Having said that, I do run GFO, and Carbon on my system, but very little. Just enough to "curb" my laziness.


----------



## disman_ca (Nov 12, 2011)

J_T is right figure out what it is that is causing it. Just keep up on cleaning the substrate with a siphon vacuum or buy sand sifting goby to clean for you.


----------



## VisualPoetry (May 16, 2006)

disman_ca said:


> J_T is right figure out what it is that is causing it. Just keep up on cleaning the substrate with a siphon vacuum or buy sand sifting goby to clean for you.


Agreed.

I think a fish died... and I can't find the corpse!


----------



## thmh (Mar 17, 2011)

VisualPoetry said:


> Agreed.
> 
> I think a fish died... and I can't find the corpse!


your clean up crew would have eaten that already, it could be from low flow , to much bio load or from over feeding. Try wet skimming, stir the cyno and use coral snow to bind to it.


----------



## cablemike (Jan 7, 2009)

VisualPoetry said:


> Agreed.
> 
> I think a fish died... and I can't find the corpse!

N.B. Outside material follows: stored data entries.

(* Let $G$ be the complete graph on $\{0,\dots,n\}$ oriented by $i\to j$ iff $i<j$. Then the polynomials $\mathbf{P}_s$, $s\in S_n$, form a basis of the space $$\operatorname{soc}(\mathcal{P}(G)):=\operatorname{span}\{p_{G\setminus T}: T\in\mathbb{B}(G)\}\subset\mathbb{R}[t(1),\dots,t(n)].$$
   Context: Polynomials are in variables $t=(t(1),\dots,t(n))$, and set $t(0):=0$. To the edge of $G$ between $i<j$ (vector $e_j-e_i$, $e_0:=0$) associate $p_x(t)=t(j)-t(i)$; for a set $Y$ of edges oriented as in $G$, $p_Y:=\prod_{x\in Y}p_x$. $\mathbb{B}(G)$ is the set of spanning trees of $G$ (edge sets), and $G\setminus T$ is the set of edges of $G$ not in $T$. $S_n$ is the set of permutations of $\{1,\dots,n\}$, extended by $s(0):=0$. For $s\in S_n$, $G^s$ is the reorientation of $G$ in which the edge $\{s(i),s(j)\}$ with $i<j$ is oriented $s(i)\to s(j)$, with associated polynomial $t(s(j))-t(s(i))$. The path tree $T_s$ has edges $\{s(k-1),s(k)\}$, $k=1,\dots,n$. Define $\mathbf{P}_s:=\prod (t(s(j))-t(s(i)))$, the product over all pairs $0\le i<j\le n$ such that $\{s(i),s(j)\}$ is not an edge of $T_s$ (i.e. $j\ne i+1$); this is $p$ of $G^s\setminus T_s$ with edges oriented as in $G^s$. *)

theory Defs
  imports Complex_Main "HOL-Library.Poly_Mapping" "HOL-Combinatorics.Permutations"
begin

text \<open>Real polynomials in the variables t(1), t(2), ...: finitely supported maps from
  monomials (finitely supported exponent vectors) to real coefficients.\<close>
type_synonym rpoly = "(nat \<Rightarrow>\<^sub>0 nat) \<Rightarrow>\<^sub>0 real"

text \<open>The variable t(i); by convention t(0) = 0.\<close>
definition tvar :: "nat \<Rightarrow> rpoly" where
  "tvar i = (if i = 0 then 0 else Poly_Mapping.single (Poly_Mapping.single i 1) 1)"

definition pscale :: "real \<Rightarrow> rpoly \<Rightarrow> rpoly" where
  "pscale c p = Poly_Mapping.single 0 c * p"

abbreviation pspan :: "rpoly set \<Rightarrow> rpoly set" where
  "pspan \<equiv> module.span pscale"

abbreviation pdependent :: "rpoly set \<Rightarrow> bool" where
  "pdependent \<equiv> module.dependent pscale"

definition cedges :: "nat \<Rightarrow> (nat \<times> nat) set" where
  "cedges n = {(i, j). i < j \<and> j \<le> n}"

definition connects :: "(nat \<times> nat) set \<Rightarrow> nat \<Rightarrow> nat \<Rightarrow> bool" where
  "connects T u v \<longleftrightarrow> (u, v) \<in> (T \<union> T\<inverse>)\<^sup>*"

text \<open>Spanning trees of the complete graph on {0..n}: edge sets which connect all vertices
  and are acyclic (no edge lies on a cycle, i.e. removing any edge disconnects its endpoints).\<close>
definition spanning_tree :: "nat \<Rightarrow> (nat \<times> nat) set \<Rightarrow> bool" where
  "spanning_tree n T \<longleftrightarrow> T \<subseteq> cedges n
     \<and> (\<forall>u\<in>{0..n}. \<forall>v\<in>{0..n}. connects T u v)
     \<and> (\<forall>(i, j)\<in>T. \<not> connects (T - {(i, j)}) i j)"

definition pY :: "(nat \<times> nat) set \<Rightarrow> rpoly" where
  "pY Y = (\<Prod>(i, j)\<in>Y. tvar j - tvar i)"

definition Ps :: "nat \<Rightarrow> (nat \<Rightarrow> nat) \<Rightarrow> rpoly" where
  "Ps n s = (\<Prod>(i, j)\<in>{(i, j). i < j \<and> j \<le> n \<and> j \<noteq> i + 1}. tvar (s j) - tvar (s i))"

end

theory Submission
  imports Defs "HOL-Computational_Algebra.Polynomial"
begin

text \<open>Specialising \<open>t(v) \<mapsto> x^(\<sigma>\<inverse> v)\<close> turns every factor of \<open>P\<^sub>s\<close> into a difference of two
  distinct powers of \<open>x\<close>, of degree the larger exponent. The sum of these maxima over all pairs
  does not depend on the permutation, while over the consecutive pairs of \<open>\<rho> = \<sigma>\<inverse> s\<close> it exceeds
  \<open>\<Sum>k. \<rho> k\<close> unless \<open>\<rho>\<close> is increasing. Hence \<open>P\<^sub>\<sigma>\<close> reaches a degree that every other \<open>P\<^sub>s\<close> stays
  below, and these top coefficients make the \<open>P\<^sub>s\<close> distinct and linearly independent.

  Each \<open>P\<^sub>s\<close> is \<open>\<plusminus>p\<^bsub>G\<setminus>T\<^sub>s\<^esub>\<close> for the path tree \<open>T\<^sub>s\<close>. Conversely, induct on \<open>n\<close>. If the top
  vertex \<open>n\<close> has two neighbours \<open>a < b\<close> in \<open>T\<close>, then \<open>p\<^bsub>G\<setminus>T\<^esub> = p\<^bsub>G\<setminus>T\<^sub>1\<^esub> - p\<^bsub>G\<setminus>T\<^sub>2\<^esub>\<close>,
  where \<open>T\<^sub>1\<close>, \<open>T\<^sub>2\<close> replace the edge \<open>an\<close>, resp. \<open>bn\<close>, by \<open>ab\<close> and so lower the degree of \<open>n\<close>.
  If \<open>n\<close> is a leaf at \<open>a\<close>, then \<open>p\<^bsub>G\<setminus>T\<^esub>\<close> is \<open>p\<close> of the smaller tree times
  \<open>\<Prod>v\<noteq>a. (t(n) - t(v))\<close>, and \<open>P\<^sub>s \<cdot> \<Prod>v\<noteq>s(k). (t(n) - t(v))\<close> lies in the span by downward induction
  on \<open>k\<close>: consecutive steps differ by \<open>\<plusminus>\<close> the \<open>P\<close> of \<open>s\<close> with \<open>n\<close> inserted after position \<open>k\<close>.\<close>

interpretation rpoly: vector_space pscale
  by unfold_locales
    (simp_all add: pscale_def single_add distrib_left distrib_right mult_single mult.assoc[symmetric])

section \<open>Specialising to univariate polynomials\<close>

definition eval_monom :: "(nat \<Rightarrow> real poly) \<Rightarrow> (nat \<Rightarrow>\<^sub>0 nat) \<Rightarrow> real poly" where
  "eval_monom X m = (\<Prod>i\<in>Poly_Mapping.keys m. X i ^ Poly_Mapping.lookup m i)"

definition eval_rpoly :: "(nat \<Rightarrow> real poly) \<Rightarrow> rpoly \<Rightarrow> real poly" where
  "eval_rpoly X p = (\<Sum>m\<in>Poly_Mapping.keys p. smult (Poly_Mapping.lookup p m) (eval_monom X m))"

lemma eval_monom_superset:
  "finite S \<Longrightarrow> Poly_Mapping.keys m \<subseteq> S \<Longrightarrow>
    eval_monom X m = (\<Prod>i\<in>S. X i ^ Poly_Mapping.lookup m i)"
  unfolding eval_monom_def by (rule prod.mono_neutral_left) (auto simp: in_keys_iff)

lemma eval_rpoly_superset:
  "finite S \<Longrightarrow> Poly_Mapping.keys p \<subseteq> S \<Longrightarrow>
    eval_rpoly X p = (\<Sum>m\<in>S. smult (Poly_Mapping.lookup p m) (eval_monom X m))"
  unfolding eval_rpoly_def by (rule sum.mono_neutral_left) (auto simp: in_keys_iff)

lemma eval_monom_add: "eval_monom X (a + b) = eval_monom X a * eval_monom X b"
proof -
  let ?S = "Poly_Mapping.keys a \<union> Poly_Mapping.keys b"
  have "Poly_Mapping.keys (a + b) \<subseteq> ?S"
    by (auto simp: in_keys_iff lookup_add)
  then show ?thesis
    by (simp add: eval_monom_superset[of ?S] lookup_add power_add prod.distrib)
qed

lemma eval_rpoly_add: "eval_rpoly X (p + q) = eval_rpoly X p + eval_rpoly X q"
proof -
  let ?S = "Poly_Mapping.keys p \<union> Poly_Mapping.keys q"
  have "Poly_Mapping.keys (p + q) \<subseteq> ?S"
    by (auto simp: in_keys_iff lookup_add)
  then show ?thesis
    by (simp add: eval_rpoly_superset[of ?S] lookup_add smult_add_left sum.distrib)
qed

lemma eval_rpoly_single: "eval_rpoly X (Poly_Mapping.single m c) = smult c (eval_monom X m)"
  by (simp add: eval_rpoly_def)

lemma eval_rpoly_zero [simp]: "eval_rpoly X 0 = 0"
  by (simp add: eval_rpoly_def)

lemma eval_rpoly_sum: "eval_rpoly X (sum f A) = (\<Sum>a\<in>A. eval_rpoly X (f a))"
  by (induction A rule: infinite_finite_induct) (simp_all add: eval_rpoly_add)

lemma poly_mapping_sum_single:
  "p = (\<Sum>m\<in>Poly_Mapping.keys p. Poly_Mapping.single m (Poly_Mapping.lookup p m))"
  by (rule poly_mapping_eqI) (simp add: lookup_sum lookup_single when_def in_keys_iff)

lemma eval_rpoly_mult: "eval_rpoly X (p * q) = eval_rpoly X p * eval_rpoly X q"
proof -
  let ?c = "Poly_Mapping.lookup"
  have "p * q = (\<Sum>a\<in>Poly_Mapping.keys p. \<Sum>b\<in>Poly_Mapping.keys q.
      Poly_Mapping.single (a + b) (?c p a * ?c q b))"
    by (subst poly_mapping_sum_single[of p], subst poly_mapping_sum_single[of q])
      (simp add: sum_product mult_single)
  then have "eval_rpoly X (p * q) = (\<Sum>a\<in>Poly_Mapping.keys p. \<Sum>b\<in>Poly_Mapping.keys q.
      smult (?c p a) (eval_monom X a) * smult (?c q b) (eval_monom X b))"
    by (simp add: eval_rpoly_sum eval_rpoly_single eval_monom_add mult.commute mult.left_commute)
  then show ?thesis
    by (simp add: eval_rpoly_def sum_product)
qed

lemma eval_rpoly_diff: "eval_rpoly X (p - q) = eval_rpoly X p - eval_rpoly X q"
  using eval_rpoly_add[of X "p - q" q] by simp

lemma eval_rpoly_one [simp]: "eval_rpoly X 1 = 1"
  using eval_rpoly_single[of X 0 1] by (simp add: eval_monom_def flip: single_one)

lemma eval_rpoly_prod: "eval_rpoly X (prod f A) = (\<Prod>a\<in>A. eval_rpoly X (f a))"
  by (induction A rule: infinite_finite_induct) (simp_all add: eval_rpoly_mult)

lemma eval_rpoly_tvar: "eval_rpoly X (tvar i) = (if i = 0 then 0 else X i)"
  by (simp add: tvar_def eval_rpoly_def eval_monom_def)

lemma eval_rpoly_pscale: "eval_rpoly X (pscale c p) = smult c (eval_rpoly X p)"
  by (simp add: pscale_def eval_rpoly_mult eval_rpoly_single eval_monom_def)

definition xpow :: "nat \<Rightarrow> real poly" where
  "xpow k = (if k = 0 then 0 else monom 1 k)"

lemma xpow_diff_nonzero_degree:
  assumes "p \<noteq> q"
  shows "xpow q - xpow p \<noteq> 0 \<and> degree (xpow q - xpow p) = max p q"
proof -
  let ?d = "xpow q - xpow p"
  have "coeff ?d (max p q) \<noteq> 0"
    using assms by (auto simp: xpow_def coeff_monom max_def)
  moreover have "degree ?d \<le> max p q"
    by (intro degree_diff_le) (auto simp: xpow_def intro: order.trans[OF degree_monom_le])
  ultimately show ?thesis
    by (metis coeff_0 le_antisym le_degree)
qed

section \<open>Pairs and permutations\<close>

lemma permutes_le_iff:
  fixes \<rho> :: "nat \<Rightarrow> nat"
  assumes "\<rho> permutes {1..n}"
  shows "\<rho> x \<le> n \<longleftrightarrow> x \<le> n"
  using permutes_in_image[OF assms, of x] permutes_not_in[OF assms, of x]
  by (cases "x = 0") auto

lemma permutes_zero:
  fixes \<rho> :: "nat \<Rightarrow> nat"
  shows "\<rho> permutes {1..n} \<Longrightarrow> \<rho> 0 = 0"
  by (simp add: permutes_not_in)

definition sort_pair :: "(nat \<Rightarrow> nat) \<Rightarrow> nat \<times> nat \<Rightarrow> nat \<times> nat" where
  "sort_pair f e = (min (f (fst e)) (f (snd e)), max (f (fst e)) (f (snd e)))"

lemma sort_pair_inverse:
  assumes "\<And>x. g (f x) = x" and "fst e < snd e"
  shows "sort_pair g (sort_pair f e) = e"
  using assms by (cases "f (fst e) \<le> f (snd e)") (auto simp: sort_pair_def min_def max_def)

lemma sort_pair_in_cedges:
  assumes "\<rho> permutes {1..n}" and "e \<in> cedges n"
  shows "sort_pair \<rho> e \<in> cedges n"
proof -
  obtain i j where e: "e = (i, j)" "i < j" "j \<le> n"
    using assms(2) by (auto simp: cedges_def)
  have "\<rho> i \<noteq> \<rho> j"
    using e(2) by (simp add: inj_eq[OF permutes_inj[OF assms(1)]])
  moreover have "\<rho> i \<le> n" "\<rho> j \<le> n"
    using e by (simp_all add: permutes_le_iff[OF assms(1)])
  ultimately show ?thesis
    unfolding e(1) by (auto simp: sort_pair_def cedges_def min_def max_def)
qed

Look under the stand or behind, that's where mine always end up.. Or in my cats mouth :0


----------



## J_T (Mar 25, 2011)

cablemike said:


> Look under the stand or behind, that's where mine always end up.. Or in my cats mouth :0


Met the cats at this house.... I would be suspicious!


----------



## CRJ (Sep 7, 2012)

a phosban is a good idea, most go through this stage. Kill your lights for 2 full days to kill it, and run the phosban to get rid of all the phosphate. also look at how much your feeding, and possibly cut it in half. what i was feeding originally in a day, now lasts me near 4-5 days. 

Your corals will be fine without light for a bit, just keep the blinds in the room open so its not complete darkness. 

as for material, i run antiphos, but most do the same. on my new tank ill be running 2 phosban 150's with carbon and antiphos.


----------



## VisualPoetry (May 16, 2006)

Thanks for the reply folks.

I bought a phosban 150 and added some PURA.

My corals LOVE it. My water has cleared up and my fish are much more lively now as well. The cyano is receding so it appears the phosban is just awesome.

Prior to this, I had 2 frogspawns which were near dead... after the first night, they were in full bloom - it's amazing.

The sad part: my mandarin fish has disappeared. Hopefully he's just in the back of the tank - but I'm hoping the phosban didn't kill off all of the pods!


----------